What changed me from an amateur into a professional was getting a really firm grip on the fundamentals -- Toshiro Kageyama (7d Professional Go Player)
It was pretty much the only advise I remember my dad repeatedly give me, both before starting undergrad and before starting my masters just a few months ago: focus on the fundamentals. He may have said other things, but focus on the fundamentals is the only phrase that really stuck.
You might have heard of the story of Da Vinci and the egg that illustrates this concept:
It has been said that when Da Vinci first came to Verrocchio’s workshop, he was told to draw eggs. Day after day, Da Vinci was told to draw eggs all the time. One day, Da Vinci finally got tired of drawing eggs so that he came to his master Verrocchio for complaint. However, his master explained to him of profound significance “Drawing eggs is not a simple thing to do, even for the same egg, if you change the observation angle, the light will change as well, and you will find the different shape of it.” Da Vinci suddenly understood the purpose of his master.
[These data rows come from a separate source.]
(* Let $W\in\mathcal{C}$ be a local minimiser of $\mathcal{L}$ in $\mathcal{C}$, i.e. there is $\delta>0$ such that $\mathcal{L}(W)\le\mathcal{L}(U)$ for all $U\in\mathcal{C}$ with $\|U-W\|_{L^2}<\delta$. Then $W$ solves the front equation $W=\mathcal{T}[W]$.
   Context: Let $\Phi:\mathbb{R}\to\mathbb{R}$ be twice continuously differentiable with: $\Phi'(-1)=-1$, $\Phi'(1)=1$; $\Phi''\ge0$ on $[-1,1]$; $\Phi(-1)=\Phi(1)$; $\Phi''(-1)<1$, $\Phi''(1)<1$; and $g_\Phi(w):=\int_{-1}^w(v-\Phi'(v))\,dv>0$ for all $w\in(-1,1)$. $(\mathcal{A}U)(\varphi)=\int_{\varphi-1/2}^{\varphi+1/2}U(s)\,ds$; $W_{\rm sh}(\varphi)=\mathrm{sgn}(\varphi)$; $\mathcal{H}=\{W \text{ measurable}: W_{\rm sh}-W\in L^2(\mathbb{R})\}$; $\mathcal{T}[W]=\mathcal{A}(\Phi'(\mathcal{A}W))$; $\mathcal{L}(W)=\int_{\mathbb{R}}(\tfrac12W^2-\Phi(\mathcal{A}W))-(\tfrac12W_{\rm sh}^2-\Phi(\mathcal{A}W_{\rm sh}))\,d\varphi$. $\mathcal{C}$ is the set of $W\in\mathcal{H}$ that are a.e. equal to a nondecreasing function with $W(\varphi)\to-1$ as $\varphi\to-\infty$ and $W(\varphi)\to1$ as $\varphi\to+\infty$. *)

theory Defs
  imports "HOL-Analysis.Analysis"
begin

definition avg :: "(real \<Rightarrow> real) \<Rightarrow> real \<Rightarrow> real" where
  "avg U \<phi> = (LINT s:{\<phi> - 1/2 .. \<phi> + 1/2}|lborel. U s)"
After then, Da Vinci accepted drawing eggs with an open mind which actually helped him built the foundation of further achievement.The fundamentals can often be less interesting than whatever is new and shiny. It requires patience and honest self-assessment about how much one actually understands. It's always so tempting to "move fast and break things". But a firm grasp on the fundamentals is necessary to be able to intuit deep connections and do meaningful work.
There's a second part to the argument for focusing on the fundamentals. Popular research will move on, and that whatever is new and shiny now will cease to be important in a few years. The skills that will stay relevant for a long time will end up being the fundamentals, the things that won't change or go out of favour. This is even more crucial in a field like machine learning that moves lightning fast.
But what exactly are the fundamentals of machine learning? There are the obvious tools like linear algebra and multivariate calculus. There's regression and its generalizations, gradient descent and its second-order extensions, back-propagations and the like. What about all the types of neural networks with the many acronyms like CNN, RNN, LSTM, ...? At what point do we break away from the fundamentals and find ourselves in the arena of popular research, the kind of things that will cease to be important in a few years?
What's been smelling most like fundamentals in the last few months have been variational inference and variational autoencoders (VAE's). They come up everywhere in recent research, but VAE's were only introduced in 2014!
It's possible that something else will take its place in another few years. If so, is it still a fundamental? Perhaps machine learning is just such a young field that the fundamentals are still being built?